● **EXERCISE OBJECTIVE**
Report every line of the material that contains the string "also".

BEGIN AVAILABLE DATA

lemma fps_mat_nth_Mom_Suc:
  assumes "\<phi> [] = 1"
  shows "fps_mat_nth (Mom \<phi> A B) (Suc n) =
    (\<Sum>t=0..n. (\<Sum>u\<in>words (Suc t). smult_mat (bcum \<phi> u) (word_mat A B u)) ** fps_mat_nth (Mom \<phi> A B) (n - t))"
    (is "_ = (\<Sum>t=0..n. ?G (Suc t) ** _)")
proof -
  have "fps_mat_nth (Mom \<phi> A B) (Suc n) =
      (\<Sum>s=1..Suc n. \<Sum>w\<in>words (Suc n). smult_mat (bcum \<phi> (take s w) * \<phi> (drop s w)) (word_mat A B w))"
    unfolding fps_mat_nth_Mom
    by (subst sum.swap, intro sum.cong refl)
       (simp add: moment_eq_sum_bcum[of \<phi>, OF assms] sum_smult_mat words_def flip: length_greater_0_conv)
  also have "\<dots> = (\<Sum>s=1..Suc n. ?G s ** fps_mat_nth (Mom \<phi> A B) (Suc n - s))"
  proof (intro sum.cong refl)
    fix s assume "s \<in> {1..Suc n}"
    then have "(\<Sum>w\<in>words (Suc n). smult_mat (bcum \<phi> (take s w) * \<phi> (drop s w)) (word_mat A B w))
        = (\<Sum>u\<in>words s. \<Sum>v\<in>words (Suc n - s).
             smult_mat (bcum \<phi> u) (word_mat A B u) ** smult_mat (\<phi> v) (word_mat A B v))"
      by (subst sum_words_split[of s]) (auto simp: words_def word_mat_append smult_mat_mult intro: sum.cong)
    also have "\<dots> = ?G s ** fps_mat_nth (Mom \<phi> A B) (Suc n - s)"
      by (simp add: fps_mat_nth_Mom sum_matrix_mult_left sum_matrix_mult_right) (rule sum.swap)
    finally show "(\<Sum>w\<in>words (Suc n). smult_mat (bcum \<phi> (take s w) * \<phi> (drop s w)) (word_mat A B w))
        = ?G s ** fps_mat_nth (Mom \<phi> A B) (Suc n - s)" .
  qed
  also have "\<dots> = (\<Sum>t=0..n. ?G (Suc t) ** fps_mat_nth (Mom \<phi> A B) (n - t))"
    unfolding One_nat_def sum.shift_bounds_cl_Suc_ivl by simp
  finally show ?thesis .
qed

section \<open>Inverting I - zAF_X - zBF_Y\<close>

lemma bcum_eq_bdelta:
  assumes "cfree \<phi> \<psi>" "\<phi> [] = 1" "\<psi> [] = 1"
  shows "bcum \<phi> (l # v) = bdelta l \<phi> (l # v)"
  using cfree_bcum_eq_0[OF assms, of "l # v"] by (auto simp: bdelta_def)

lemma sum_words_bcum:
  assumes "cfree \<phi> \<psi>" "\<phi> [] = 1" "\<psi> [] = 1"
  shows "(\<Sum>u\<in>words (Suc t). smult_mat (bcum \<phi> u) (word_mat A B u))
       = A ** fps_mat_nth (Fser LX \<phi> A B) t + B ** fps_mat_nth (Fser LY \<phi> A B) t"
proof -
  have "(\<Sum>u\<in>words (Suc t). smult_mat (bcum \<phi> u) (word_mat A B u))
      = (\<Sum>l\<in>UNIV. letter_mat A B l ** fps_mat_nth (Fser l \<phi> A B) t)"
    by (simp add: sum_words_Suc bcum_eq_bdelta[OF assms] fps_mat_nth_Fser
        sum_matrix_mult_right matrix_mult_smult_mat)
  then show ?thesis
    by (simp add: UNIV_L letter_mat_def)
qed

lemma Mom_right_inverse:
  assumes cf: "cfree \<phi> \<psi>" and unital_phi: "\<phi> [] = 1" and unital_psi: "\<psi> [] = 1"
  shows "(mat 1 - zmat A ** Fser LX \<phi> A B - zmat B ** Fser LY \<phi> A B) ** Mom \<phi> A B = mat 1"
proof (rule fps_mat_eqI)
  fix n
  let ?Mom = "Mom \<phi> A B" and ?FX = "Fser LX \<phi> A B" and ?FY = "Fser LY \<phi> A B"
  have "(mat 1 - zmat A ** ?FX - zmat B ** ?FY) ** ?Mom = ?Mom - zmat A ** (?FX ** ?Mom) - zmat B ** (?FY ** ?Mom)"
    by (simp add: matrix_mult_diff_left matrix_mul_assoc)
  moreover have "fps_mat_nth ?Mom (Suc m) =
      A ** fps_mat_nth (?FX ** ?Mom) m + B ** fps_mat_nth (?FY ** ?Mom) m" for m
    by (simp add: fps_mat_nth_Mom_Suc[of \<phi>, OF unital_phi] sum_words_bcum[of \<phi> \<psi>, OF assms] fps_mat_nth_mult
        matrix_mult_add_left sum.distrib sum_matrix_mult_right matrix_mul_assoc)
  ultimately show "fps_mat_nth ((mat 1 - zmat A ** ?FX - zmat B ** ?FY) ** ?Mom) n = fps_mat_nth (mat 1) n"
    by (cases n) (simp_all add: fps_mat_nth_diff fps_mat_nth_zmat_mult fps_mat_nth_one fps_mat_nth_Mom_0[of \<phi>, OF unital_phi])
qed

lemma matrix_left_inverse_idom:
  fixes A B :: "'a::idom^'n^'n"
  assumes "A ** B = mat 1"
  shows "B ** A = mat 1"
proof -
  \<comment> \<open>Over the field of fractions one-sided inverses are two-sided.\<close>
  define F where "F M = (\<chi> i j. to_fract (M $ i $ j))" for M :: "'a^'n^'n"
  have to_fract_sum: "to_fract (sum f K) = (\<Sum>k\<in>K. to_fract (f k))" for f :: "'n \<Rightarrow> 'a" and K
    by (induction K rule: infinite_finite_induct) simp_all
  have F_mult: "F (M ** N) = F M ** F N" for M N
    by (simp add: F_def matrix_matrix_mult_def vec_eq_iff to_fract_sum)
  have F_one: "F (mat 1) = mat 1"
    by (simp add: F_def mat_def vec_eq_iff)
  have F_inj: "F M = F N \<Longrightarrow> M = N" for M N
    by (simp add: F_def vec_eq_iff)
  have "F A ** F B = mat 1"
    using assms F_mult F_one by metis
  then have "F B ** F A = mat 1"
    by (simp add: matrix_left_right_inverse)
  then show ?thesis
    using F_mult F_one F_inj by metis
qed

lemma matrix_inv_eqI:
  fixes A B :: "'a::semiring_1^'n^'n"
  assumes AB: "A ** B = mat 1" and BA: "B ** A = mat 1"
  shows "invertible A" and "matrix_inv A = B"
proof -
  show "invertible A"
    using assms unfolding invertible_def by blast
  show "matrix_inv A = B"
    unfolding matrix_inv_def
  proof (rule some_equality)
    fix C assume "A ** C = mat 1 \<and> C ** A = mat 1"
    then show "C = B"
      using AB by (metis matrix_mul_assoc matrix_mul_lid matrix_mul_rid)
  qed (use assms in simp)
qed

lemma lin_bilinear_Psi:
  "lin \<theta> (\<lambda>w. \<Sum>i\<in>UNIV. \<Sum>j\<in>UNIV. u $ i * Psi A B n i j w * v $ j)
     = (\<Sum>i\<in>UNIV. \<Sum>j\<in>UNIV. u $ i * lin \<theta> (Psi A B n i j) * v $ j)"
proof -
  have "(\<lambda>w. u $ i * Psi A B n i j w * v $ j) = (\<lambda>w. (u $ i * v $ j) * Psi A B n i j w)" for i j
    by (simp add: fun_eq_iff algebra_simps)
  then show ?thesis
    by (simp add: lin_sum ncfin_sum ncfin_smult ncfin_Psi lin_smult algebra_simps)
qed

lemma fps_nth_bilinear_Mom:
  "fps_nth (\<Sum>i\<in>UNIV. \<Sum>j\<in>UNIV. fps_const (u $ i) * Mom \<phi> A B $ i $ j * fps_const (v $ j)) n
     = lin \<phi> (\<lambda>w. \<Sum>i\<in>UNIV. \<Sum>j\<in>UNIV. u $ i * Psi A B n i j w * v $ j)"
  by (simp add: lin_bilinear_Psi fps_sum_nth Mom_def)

END AVAILABLE DATA

● **REPLY TO THE TASK**
  also have "\<dots> = (\<Sum>s=1..Suc n. ?G s ** fps_mat_nth (Mom \<phi> A B) (Suc n - s))"
    also have "\<dots> = ?G s ** fps_mat_nth (Mom \<phi> A B) (Suc n - s)"
  also have "\<dots> = (\<Sum>t=0..n. ?G (Suc t) ** fps_mat_nth (Mom \<phi> A B) (n - t))"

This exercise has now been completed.